REPUBLIKA.CO.ID,BANDUNG—Setelah ditemukan buku bahasa Sunda berbau porno berjudul Ngeunah Keneh Inem , Dinas Pendidikan (Disdik) Jabar, akan menilai ulang 770 buku bahasa sunda. Menurut Kepala Balai Pengembangan Bahasa Daerah dan Kesenian Disdik Jabar, Husein R Hasan,
‘’Kami akan menilai ulang 770 buku yang baru dan sudah direkomendasikan. Jadi, nanti ada surat keputusan (SK) revisi,’’ ujar Husein, Kamis (31/1).
Husein mengatakan, sebenarnya penilaian buku tersebut program rutin setiap lima tahun. Penilaian, ini ada dalam program Balai Pengembangan Bahasa Daerah dan Kesenian.
Semua buku yang sudah direkomendasikan, kata dia, akan dinilai ulang. Yakni, dari segi isi, metode penulisan dan manfaat. Kalau ternyata sudah tidak relevan dengan perkembangan bahasa daerah saat ini, maka tidak akan direkomendasikan. ‘’Penilaian itu akan dilakukan Februari dan Maret,’’ imbuhnya.

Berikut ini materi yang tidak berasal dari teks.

section \<open>The weighted sieve\<close>

text \<open>Numbers \<open>h\<close> that land in the first \<open>J\<close> residue classes modulo at most \<open>k\<close> of the
  primes are detected by the weights \<open>x\<^sub>h(t) = (1 - z)\<cdot>[h mod p t < J]\<close>: then
  \<open>\<Prod>(1 - x\<^sub>h) = z\<^sup>#\<^sup>h\<^sup>i\<^sup>t\<^sup>s \<ge> z\<^sup>k\<close>, and Bonferroni bounds the product from above.\<close>

lemma sieve_weight:
  fixes z :: real
  assumes A: "finite A" and z: "0 < z" "z \<le> 1" and n: "odd n"
  shows "0 \<le> bsum (\<lambda>t. (1 - z) * of_bool (P t)) A n"
    and "card {t\<in>A. P t} \<le> k \<Longrightarrow> 1 \<le> (1/z)^k * bsum (\<lambda>t. (1 - z) * of_bool (P t)) A n"
proof -
  have "(\<Prod>t\<in>A. 1 - (1 - z) * of_bool (P t)) = (\<Prod>t\<in>A. if P t then z else 1)"
    by (rule prod.cong) auto
  hence prod: "(\<Prod>t\<in>A. 1 - (1 - z) * of_bool (P t)) = z ^ card {t\<in>A. P t}"
    using prod.inter_filter[OF A, of "\<lambda>_. z" P] by simp
  have le: "z ^ card {t\<in>A. P t} \<le> bsum (\<lambda>t. (1 - z) * of_bool (P t)) A n"
    using bonferroni_odd(1)[OF A _ n, of "\<lambda>t. (1 - z) * of_bool (P t)"] z unfolding prod by simp
  show "0 \<le> bsum (\<lambda>t. (1 - z) * of_bool (P t)) A n" using le z by (meson order_trans zero_le_power less_imp_le)
  assume "card {t\<in>A. P t} \<le> k"
  hence "z ^ k \<le> z ^ card {t\<in>A. P t}" using z by (intro power_decreasing) auto
  hence "1 \<le> (1/z)^k * z ^ card {t\<in>A. P t}" using z by (simp add: field_simps)
  also have "\<dots> \<le> (1/z)^k * bsum (\<lambda>t. (1 - z) * of_bool (P t)) A n"
    using le z by (intro mult_left_mono) auto
  finally show "1 \<le> (1/z)^k * bsum (\<lambda>t. (1 - z) * of_bool (P t)) A n" .
qed

lemma prod_const_mult_of_bool:
  fixes c :: real
  assumes "finite S"
  shows "(\<Prod>t\<in>S. c * of_bool (P t)) = c ^ card S * of_bool (\<forall>t\<in>S. P t)"
  using assms by (induction S rule: finite_induct) auto

text \<open>Averaging a single Bonferroni term over \<open>h < N\<close>: the sum of \<open>\<Prod>\<^sub>t\<^sub>\<in>\<^sub>S x\<^sub>h(t)\<close> counts
  good residues, which the CRT count compares with the "expected" weight
  \<open>y t = w J / p t\<close>.\<close>

lemma average_esym:
  fixes w :: real and p :: "nat \<Rightarrow> nat"
  assumes A: "finite A" and pr: "\<forall>t\<in>A. prime (p t) \<and> J \<le> p t" and inj: "inj_on p A"
    and w: "0 \<le> w" "w \<le> 1"
  shows "(-1)^i * (\<Sum>h<N. esym (\<lambda>t. w * of_bool (h mod p t < J)) A i)
      \<le> (-1)^i * (real N * esym (\<lambda>t. w * real J / real (p t)) A i) + real (card A choose i) * real J ^ i"
proof -
  define Sub where "Sub = {S. S \<subseteq> A \<and> card S = i}"
  have per_subset: "(-1)^i * (\<Sum>h<N. \<Prod>t\<in>S. w * of_bool (h mod p t < J))
      \<le> (-1)^i * (real N * (\<Prod>t\<in>S. w * real J / real (p t))) + real J ^ i" if "S \<in> Sub" for S
  proof -
    have S: "finite S" "card S = i" "\<forall>t\<in>S. prime (p t) \<and> J \<le> p t" "inj_on p S"
      using that A pr inj finite_subset inj_on_subset unfolding Sub_def by auto
    define E where "E = real (card {h. h < N \<and> good p J S h}) - real N * real J ^ i / real (mS p S)"
    have "(\<Sum>h<N. \<Prod>t\<in>S. w * of_bool (h mod p t < J)) = (\<Sum>h<N. w ^ i * of_bool (good p J S h))"
      using prod_const_mult_of_bool[OF S(1)] S(2) by (simp add: good_def)
    also have "\<dots> = w ^ i * real (card ({..<N} \<inter> {h. good p J S h}))"
      by (simp flip: sum_distrib_left)
    also have "{..<N} \<inter> {h. good p J S h} = {h. h < N \<and> good p J S h}" by auto
    finally have "(\<Sum>h<N. \<Prod>t\<in>S. w * of_bool (h mod p t < J))
        = w ^ i * real (card {h. h < N \<and> good p J S h})" .
    moreover have "(\<Prod>t\<in>S. w * real J / real (p t)) = w ^ i * real J ^ i / real (mS p S)"
      using S(2) unfolding mS_def by (simp add: prod_dividef prod.distrib power_mult_distrib)
    moreover have "(-1)^i * w ^ i * E \<le> real J ^ i"
    proof -
      have "\<bar>(-1)^i * w ^ i * E\<bar> = w ^ i * \<bar>E\<bar>" using w by (simp add: abs_mult power_abs)
      also have "\<dots> \<le> 1 * real J ^ i"
        using count_good[OF S(1,3,4), of N] w S(2) unfolding E_def
        by (intro mult_mono) (auto simp: power_le_one)
      finally show ?thesis by simp
    qed
    ultimately show ?thesis unfolding E_def by (simp add: algebra_simps)
  qed
  have "(-1)^i * (\<Sum>h<N. esym (\<lambda>t. w * of_bool (h mod p t < J)) A i)
      = (\<Sum>S\<in>Sub. (-1)^i * (\<Sum>h<N. \<Prod>t\<in>S. w * of_bool (h mod p t < J)))"
    unfolding esym_def Sub_def by (simp add: sum_distrib_left sum.swap[where A="{..<N}"])
  also have "\<dots> \<le> (\<Sum>S\<in>Sub. (-1)^i * (real N * (\<Prod>t\<in>S. w * real J / real (p t))) + real J ^ i)"
    by (rule sum_mono) (rule per_subset)
  also have "\<dots> = (-1)^i * (real N * esym (\<lambda>t. w * real J / real (p t)) A i) + real (card Sub) * real J ^ i"
    unfolding esym_def Sub_def by (simp add: sum.distrib sum_distrib_left)
  finally show ?thesis unfolding Sub_def n_subsets[OF A] .
qed

lemma sieve_core:
  fixes z :: real and p :: "nat \<Rightarrow> nat"
  assumes A: "finite A" and pr: "\<forall>t\<in>A. prime (p t) \<and> J \<le> p t" and inj: "inj_on p A"
    and z: "0 < z" "z \<le> 1" and n: "odd n"
  shows "real (card {h. h < N \<and> card {t\<in>A. h mod p t < J} \<le> k}) \<le>
    (1/z)^k * (real N * ((\<Prod>t\<in>A. 1 - (1 - z) * real J / real (p t))
                          + esym (\<lambda>t. (1 - z) * real J / real (p t)) A n)
      + (\<Sum>i<n. real (card A choose i) * real J ^ i))"
proof -
  define x where "x h = (\<lambda>t. (1 - z) * of_bool (h mod p t < J))" for h
  define y where "y = (\<lambda>t. (1 - z) * real J / real (p t))"
  define G where "G = {h. h < N \<and> card {t\<in>A. h mod p t < J} \<le> k}"
  have y: "0 \<le> y t \<and> y t \<le> 1" if "t \<in> A" for t
  proof -
    have "(1 - z) * real J \<le> 1 * real (p t)" using pr that z by (intro mult_mono) auto
    thus ?thesis using z pr that prime_gt_0_nat[of "p t"] by (simp add: y_def divide_le_eq_1)
  qed
  have "real (card G) = (\<Sum>h\<in>G. 1)" by simp
  also have "\<dots> \<le> (\<Sum>h\<in>G. (1/z)^k * bsum (x h) A n)"
    by (rule sum_mono) (use sieve_weight(2)[OF A z n] in \<open>auto simp: G_def x_def\<close>)
  also have "\<dots> \<le> (\<Sum>h<N. (1/z)^k * bsum (x h) A n)"
    by (rule sum_mono2) (use sieve_weight(1)[OF A z n] z in \<open>auto simp: G_def x_def\<close>)
  also have "(\<Sum>h<N. bsum (x h) A n) \<le> real N * bsum y A n + (\<Sum>i<n. real (card A choose i) * real J ^ i)"
  proof -
    have "(\<Sum>h<N. bsum (x h) A n) = (\<Sum>i<n. (-1)^i * (\<Sum>h<N. esym (x h) A i))"
      unfolding bsum_def by (simp add: sum_distrib_left sum.swap[where A="{..<N}"])
    also have "\<dots> \<le> (\<Sum>i<n. (-1)^i * (real N * esym y A i) + real (card A choose i) * real J ^ i)"
      by (rule sum_mono) (use average_esym[OF A pr inj, of "1 - z"] z in \<open>simp add: x_def y_def\<close>)
    finally show ?thesis by (simp add: bsum_def sum.distrib sum_distrib_left algebra_simps)
  qed
  hence "(\<Sum>h<N. (1/z)^k * bsum (x h) A n)
      \<le> (1/z)^k * (real N * bsum y A n + (\<Sum>i<n. real (card A choose i) * real J ^ i))"
    using z by (simp add: sum_distrib_left[symmetric] mult_left_mono)
  also have "\<dots> \<le> (1/z)^k * (real N * ((\<Prod>t\<in>A. 1 - y t) + esym y A n)
      + (\<Sum>i<n. real (card A choose i) * real J ^ i))"
    using bonferroni_odd(2)[OF A y n] z by (intro mult_left_mono add_right_mono) auto
  finally show ?thesis unfolding G_def y_def .
qed

section \<open>Elements of \<open>H\<close> hit few residue classes\<close>

text \<open>If \<open>h \<in> H\<close>, then for each \<open>j < J = 2ML\<^sup>2\<close> at most \<open>j\<close> of the primes have
  \<open>h mod p\<^sub>t = j\<close>: any \<open>j + 1\<close> of them would give a set \<open>I\<close> with \<open>h \<equiv> |I| - 1 (mod m\<^sub>I)\<close>
  by the Chinese remainder theorem, which the definition of \<open>H\<close> excludes.\<close>

lemma Hset_residue_class_card:
  assumes pr: "\<forall>t\<in>{1..T}. prime (p t)" and inj: "inj_on p {1..T}"
    and h: "int h \<in> Hset K x M L p T" and j: "j < 2 * M * L^2"
  shows "card {t\<in>{1..T}. h mod p t = j} \<le> j"
proof (rule ccontr)
  assume "\<not> card {t\<in>{1..T}. h mod p t = j} \<le> j"
  then obtain I where I: "I \<subseteq> {t\<in>{1..T}. h mod p t = j}" "card I = Suc j"
    by (meson not_less_eq_eq obtain_subset_with_card_n)
  have IT: "I \<subseteq> {1..T}" using I by auto
  have "[int h = int j] (mod (\<Prod>t\<in>I. int (p t)))"
  proof (rule cong_cong_prod_coprime)
    show "\<forall>t\<in>I. [int h = int j] (mod int (p t))"
      using I(1) by (auto simp: cong_def zmod_int[symmetric] mod_mod_trivial)
    show "\<forall>a\<in>I. \<forall>b\<in>I. a \<noteq> b \<longrightarrow> coprime (int (p a)) (int (p b))"
      using inj pr IT unfolding inj_on_def by (metis coprime_int_iff primes_coprime subsetD)
  qed
  hence "[int h = int (card I) - 1] (mod mI p I)" unfolding mI_def I(2) by simp
  thus False using h IT I(2) j unfolding Hset_def by auto
qed

lemma card_less_eq_sum:
  assumes "finite A"
  shows "card {t\<in>A. f t < (J::nat)} = (\<Sum>j<J. card {t\<in>A. f t = j})"
proof -
  have "{t\<in>A. f t < J} = (\<Union>j\<in>{..<J}. {t\<in>A. f t = j})" by auto
  also have "card \<dots> = (\<Sum>j<J. card {t\<in>A. f t = j})"
    by (rule card_UN_disjoint) (use assms in auto)
  finally show ?thesis .
qed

Menurut Husein, buku baru yang akan dinilai sekitar 30 buku. Sementara buku lama yang sudah ada di daftar sekitar 740. Jadi, totalnya sekitar 770 buku. Penilaian ulang tersebut, melihat dari reaksi masyarakat juga. ‘’Misalnya, buku Ngeunah Keneh Inem, kan lima tahun ke belakang sudah masuk daftar. Karena ada reaksi sekarang, maka kami anulir,’’ paparnya.
Husein mengatakan, peniliaan terhadap buku bahasa Sunda akan diperketat dengan ada protes dari masyarakat. Selain itu, Disdik Jabar akan meminta pemerintah pusat untuk membimbing tentang teknis peniaian dan menilai buku seperti apa. ‘’Variabelnya, nanti lebih jelas lagi agar tidak menimbulkan polemik dan dinamika di masyarakat,’’ tegasnya.
Waktu yang dibutuhkan untuk menilai buku, menurut Husein, sekitar 2 sampai 3 bulan. Penilaian ulang ini dilakukan, untuk menjaminan mutu buku yang ada di sekolah maupun diperpustakaan.
Tim penilainya, kata dia, masih tetap melibatkan pakar dari UPI dan Unpad, pengarang serta penerbit. Setelah selesai dinilai, maka akan ada daftar buku baru. Saat akan membeli buku, sekolah bisa melihat dari referensi tersebut.
Filter terakhir, lanjut dia, sebenarnya ada disekolah. Kalau menilai kurang baik, bisa tidak membeli buku itu. ‘’Jadi, tidak ada keharusan sekolah membelinya hanya rekomendasi saja,’’ tuturnya.
Menurut Anggota Tim Penilai dari UPI, Dingding Haerudin, tim meloloskan buku Ngeunah Keneh Inem, karena dari penilai melihat tidak ada unsur yang seperti diresahkan. Selain itu, buku tersebut masuk dalam kategori bacaaan bukan buku ajar atau pelajaran. ‘’Jadi, buku itu memang untuk umum bukan siswa,’’ kata Dingding.
Seharusnya, kata dia, guru yang membaca buku tersebut. Karena, buku tersebut masih bisa dibaca oleh guru untuk menambah pemahaman mereka tapi tidak untuk diajarkan.